Vitrectomy privately or under the National He alth FundVitrectomy is performed by some centers under the National He alth Fund. In a private clinic you have to pay 6-8 thousand. depending on the type of disease. The procedure is performed under local anesthesia (injection in the vicinity of the eyeball), on an outpatient basis - you can go home immediately. It takes about an hour, and for a macular hole - 20 minutes. In private clinics, at the patient's request (atno contraindications), general anesthesia is also possible. The patient remains under the care of an anaesthesiologist all the time.

What after surgery?

Eye pain may persist for a few days - usually over-the-counter painkillers help. Your vision may be worse initially, but your eyesight will gradually return to normal. When filled with silicone oil, the deterioration of eyesight sometimes lasts longer and is so inconvenient that you have to replace the lenses until the oil is drained out.

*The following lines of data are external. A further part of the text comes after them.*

(* Let $(\mathbf v,p,\varphi,\mu)$ be a sufficiently smooth solution on $\Omega\times(0,T)$, $\Omega\subset\mathbb R^d$, of $$\partial_t(\rho\mathbf v)+\operatorname{div}(\rho\mathbf v\otimes\mathbf v)-\operatorname{div}(2\eta(\varphi)D\mathbf v)+\nabla p=-\operatorname{div}(a(\varphi,\nabla\varphi)\nabla\varphi\otimes\nabla\varphi),\qquad\operatorname{div}\mathbf v=0,$$ $$\partial_t\widehat{\rho c}(\varphi)+\mathbf v\cdot\nabla\widehat{\rho c}(\varphi)=\operatorname{div}(\tilde m(\varphi)\nabla\mu),\qquad \frac{\partial\widehat{\rho c}}{\partial\varphi}\mu=\frac{\partial f}{\partial\varphi}(\varphi,\nabla\varphi)-\operatorname{div}(a(\varphi,\nabla\varphi)\nabla\varphi)-\frac{\partial\rho}{\partial\varphi}\frac{|\mathbf v|^2}{2},$$ where $\rho=\hat\rho(\varphi)$, $\widehat{\rho c}$, $f$ are smooth, $\eta\ge0$, $\tilde m\ge0$, and $a$ satisfies $\frac{\partial f}{\partial\nabla\varphi}(\varphi,\nabla\varphi)=a(\varphi,\nabla\varphi)\nabla\varphi$. Set $e=\hat\rho(\varphi)\frac{|\mathbf v|^2}2+f(\varphi,\nabla\varphi)$, $\mathbf J=-\tilde m(\varphi)\nabla\mu$, $\boldsymbol\xi=\frac{\partial f}{\partial\nabla\varphi}(\varphi,\nabla\varphi)$, $\dot\varphi=\partial_t\varphi+\mathbf v\cdot\nabla\varphi$ and $\mathbf T=2\eta(\varphi)D\mathbf v-\nabla\varphi\otimes\boldsymbol\xi-p\mathbf I$. Then the local dissipation identity $$\partial_te+\mathbf v\cdot\nabla e-\operatorname{div}(\mathbf T\mathbf v)-\operatorname{div}(\dot\varphi\,\boldsymbol\xi)+\operatorname{div}(\mu\mathbf J)=-\big(2\eta(\varphi)|D\mathbf v|^2+\tilde m(\varphi)|\nabla\mu|^2\big)\le0$$ holds pointwise.
   Context: $D\mathbf v=\frac12(\nabla\mathbf v+\nabla\mathbf v^T)$; $\mathbf a\otimes\mathbf b=\mathbf a\mathbf b^T$; the divergence of a matrix field is row-wise; $\mathbf T\mathbf v$ is the matrix–vector product with $\mathbf T$ symmetric. Here $\varphi$ is an order parameter for a mixture of two incompressible fluids, $\hat\rho(\varphi)$ the total mass density and $\widehat{\rho c}(\varphi)$ the difference of the partial mass densities, both expressed as functions of $\varphi$; $\frac{\partial f}{\partial\varphi}$, $\frac{\partial f}{\partial\nabla\varphi}$ are partial derivatives of $f(z,\mathbf p)$ in $z$ and $\mathbf p$. *)

theory Defs
  imports "HOL-Analysis.Analysis"
begin

fun iter_fd :: "'a list \<Rightarrow> ('a::real_normed_vector \<Rightarrow> 'b::real_normed_vector) \<Rightarrow> 'a \<Rightarrow> 'b" where
  "iter_fd [] u = u"
| "iter_fd (b # bs) u = (\<lambda>z. frechet_derivative (iter_fd bs u) (at z) b)"

definition smooth_on :: "'a::euclidean_space set \<Rightarrow> ('a \<Rightarrow> 'b::real_normed_vector) \<Rightarrow> bool" where
  "smooth_on S u \<longleftrightarrow> (\<forall>bs. set bs \<subseteq> Basis \<longrightarrow> (\<forall>z\<in>S. iter_fd bs u differentiable (at z)))"

definition dt :: "((real^'d) \<times> real \<Rightarrow> 'b::real_normed_vector) \<Rightarrow> (real^'d) \<times> real \<Rightarrow> 'b" where
  "dt u z = frechet_derivative u (at z) (0, 1)"

definition dx :: "'d \<Rightarrow> ((real^'d) \<times> real \<Rightarrow> 'b::real_normed_vector) \<Rightarrow> (real^'d) \<times> real \<Rightarrow> 'b" where
  "dx i u z = frechet_derivative u (at z) (axis i 1, 0)"

definition grad :: "((real^'d::finite) \<times> real \<Rightarrow> real) \<Rightarrow> (real^'d) \<times> real \<Rightarrow> real^'d" where
  "grad u z = (\<chi> i. dx i u z)"
lemma emeasure_lebesgue_vec_box_Ioo:
  assumes "c \<le> d"
  shows "emeasure lebesgue {y::real^'n::finite. \<forall>i. y$i \<in> {c <..< d}} = (d - c) ^ CARD('n)"
proof -
  have "emeasure lebesgue {y::real^'n. \<forall>i. y$i \<in> {c <..< d}} = emeasure lborel {y::real^'n. \<forall>i. y$i \<in> {c <..< d}}"
    by (simp add: sets_borel_vec_box)
  also have "\<dots> = (\<Prod>i\<in>(UNIV::'n set). ennreal (d - c))"
    using assms by (subst emeasure_lborel_vec_box) auto
  finally show ?thesis
    using assms by (simp add: ennreal_power)
qed

definition dyadic_interval :: "int \<Rightarrow> int \<Rightarrow> real set" where
  "dyadic_interval k m = {2 powr k * m ..< 2 powr k * (m + 1)}"

lemma dyadic_interval_borel [measurable]: "dyadic_interval k m \<in> sets borel"
  by (simp add: dyadic_interval_def)

lemma emeasure_dyadic_interval: "emeasure lborel (dyadic_interval k m) = 2 powr k"
  by (simp add: dyadic_interval_def algebra_simps)

lemma mem_dyadic_interval_iff: "x \<in> dyadic_interval k m \<longleftrightarrow> \<lfloor>x / 2 powr k\<rfloor> = m"
  by (simp add: dyadic_interval_def floor_eq_iff field_simps)

lemma floor_divide_two_powr_div:
  assumes "k \<le> l"
  shows "\<lfloor>x / 2 powr l\<rfloor> = \<lfloor>x / 2 powr k\<rfloor> div 2 ^ nat (l - k)"
proof -
  have "(2::real) powr l = 2 powr k * real_of_int (2 ^ nat (l - k))"
    using assms by (simp add: powr_realpow[symmetric] powr_add[symmetric])
  then show ?thesis
    by (simp add: floor_divide_real_eq_div[symmetric] divide_divide_eq_left)
qed

lemma dyadic_interval_subset:
  "k \<le> l \<Longrightarrow> dyadic_interval k m \<subseteq> dyadic_interval l (m div 2 ^ nat (l - k))"
  by (auto simp: mem_dyadic_interval_iff floor_divide_two_powr_div)

lemma disjoint_dyadic_interval: "m \<noteq> m' \<Longrightarrow> dyadic_interval k m \<inter> dyadic_interval k m' = {}"
  by (auto simp: mem_dyadic_interval_iff)

lemma dyadic_cube_eq_vec_box: "dyadic_cube k m = {x. \<forall>i. x$i \<in> dyadic_interval k (m$i)}"
  by (auto simp: dyadic_cube_def dyadic_interval_def)

lemma emeasure_dyadic_cube:
  "emeasure lebesgue (dyadic_cube k m :: (real^'n::finite) set) = 2 powr (real CARD('n) * real_of_int k)"
  unfolding dyadic_cube_eq_vec_box
  by (simp add: sets_borel_vec_box emeasure_lborel_vec_box emeasure_dyadic_interval
      ennreal_power powr_power)

lemma measure_dyadic_cube:
  "measure lebesgue (dyadic_cube k m :: (real^'n::finite) set) = 2 powr (real CARD('n) * real_of_int k)"
  by (simp add: measure_def emeasure_dyadic_cube)

lemma dyadic_cube_lebesgue [measurable]: "dyadic_cube k m \<in> sets lebesgue"
  unfolding dyadic_cube_eq_vec_box by (intro sets_completionI_sets sets_borel_vec_box) simp

section \<open>Morrey norms\<close>

lemma epow_ennreal: "0 \<le> z \<Longrightarrow> epow (ennreal z) r = ennreal (z powr r)"
  by (simp add: epow_def)

lemma epow_mono:
  assumes "0 \<le> r" "x \<le> y"
  shows "epow x r \<le> epow y r"
proof (cases "y = \<infinity>")
  case True
  then show ?thesis by (simp add: epow_def)
next
  case False
  then have "x \<noteq> \<infinity>"
    using assms(2) by (metis infinity_ennreal_def top.extremum_uniqueI)
  with False assms show ?thesis
    by (auto simp: epow_def top.not_eq_extremum intro!: ennreal_leI powr_mono2 enn2real_mono)
qed

lemma morrey_norm_indicator_le:
  fixes E :: "(real^'n::finite) set"
  assumes E: "E \<in> sets lebesgue" and q: "0 < q"
    and bound: "\<And>Q. Q \<in> dyadic_cubes \<Longrightarrow>
      measure lebesgue Q powr (1 / p) * (measure lebesgue (Q \<inter> E) / measure lebesgue Q) powr (1 / q) \<le> M"
  shows "morrey_norm p q (\<lambda>x. ennreal (indicator E x)) \<le> ennreal M"
  unfolding morrey_norm_def
proof (rule SUP_least)
  fix Q :: "(real^'n) set"
  assume Q: "Q \<in> dyadic_cubes"
  then obtain k m where Q_eq: "Q = dyadic_cube k m"
    by (auto simp: dyadic_cubes_def)
  have "emeasure lebesgue (Q \<inter> E) \<le> emeasure lebesgue Q"
    using E by (intro emeasure_mono) (auto simp: Q_eq)
  then have QE: "emeasure lebesgue (Q \<inter> E) = measure lebesgue (Q \<inter> E)"
    by (intro emeasure_eq_ennreal_measure) (auto simp: Q_eq emeasure_dyadic_cube top_unique)
  have "(\<integral>\<^sup>+ x\<in>Q. epow (ennreal (indicator E x)) q \<partial>lebesgue) = (\<integral>\<^sup>+ x. indicator (Q \<inter> E) x \<partial>lebesgue)"
    using q by (intro nn_integral_cong) (auto simp: epow_def split: split_indicator)
  also have "\<dots> = emeasure lebesgue (Q \<inter> E)"
    using E by (simp add: Q_eq)
  finally have integral_eq:
    "(\<integral>\<^sup>+ x\<in>Q. epow (ennreal (indicator E x)) q \<partial>lebesgue) = emeasure lebesgue (Q \<inter> E)" .
  show "ennreal (measure lebesgue Q powr (1 / p)) *
      epow (ennreal (1 / measure lebesgue Q) * (\<integral>\<^sup>+ x\<in>Q. epow (ennreal (indicator E x)) q \<partial>lebesgue)) (1 / q)
      \<le> ennreal M"
    using bound[OF Q] unfolding integral_eq
    by (simp add: QE epow_ennreal ennreal_mult'[symmetric] ennreal_mult[symmetric] ennreal_leI)
qed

In convalescence, it is very helpful to stay 4-5 hours a day in a forced position: sitting with a tilted forward, supported head, walking in a slight bend, lying on the stomach. You must not sleep on your back. The operated eye can be covered at night to avoid accidental irritation. Until the gas is absorbed (1-5 weeks depending on its type), air travel and mountain tours should be avoided; you can fly with silicone oil.

You must not swim or bathe for 3 weeks to prevent infection of the wound. You should also avoid the sauna - prolonged contact with very hot air is not good for the operated eye.

You should report for control visits by the appointed date. This is very important because the surgery is associated with the risk of complications (estimated at 10%). Most often it is cataract or eye haemorrhage, the most serious complication is detachment, and in the case of detachment - retinal failure.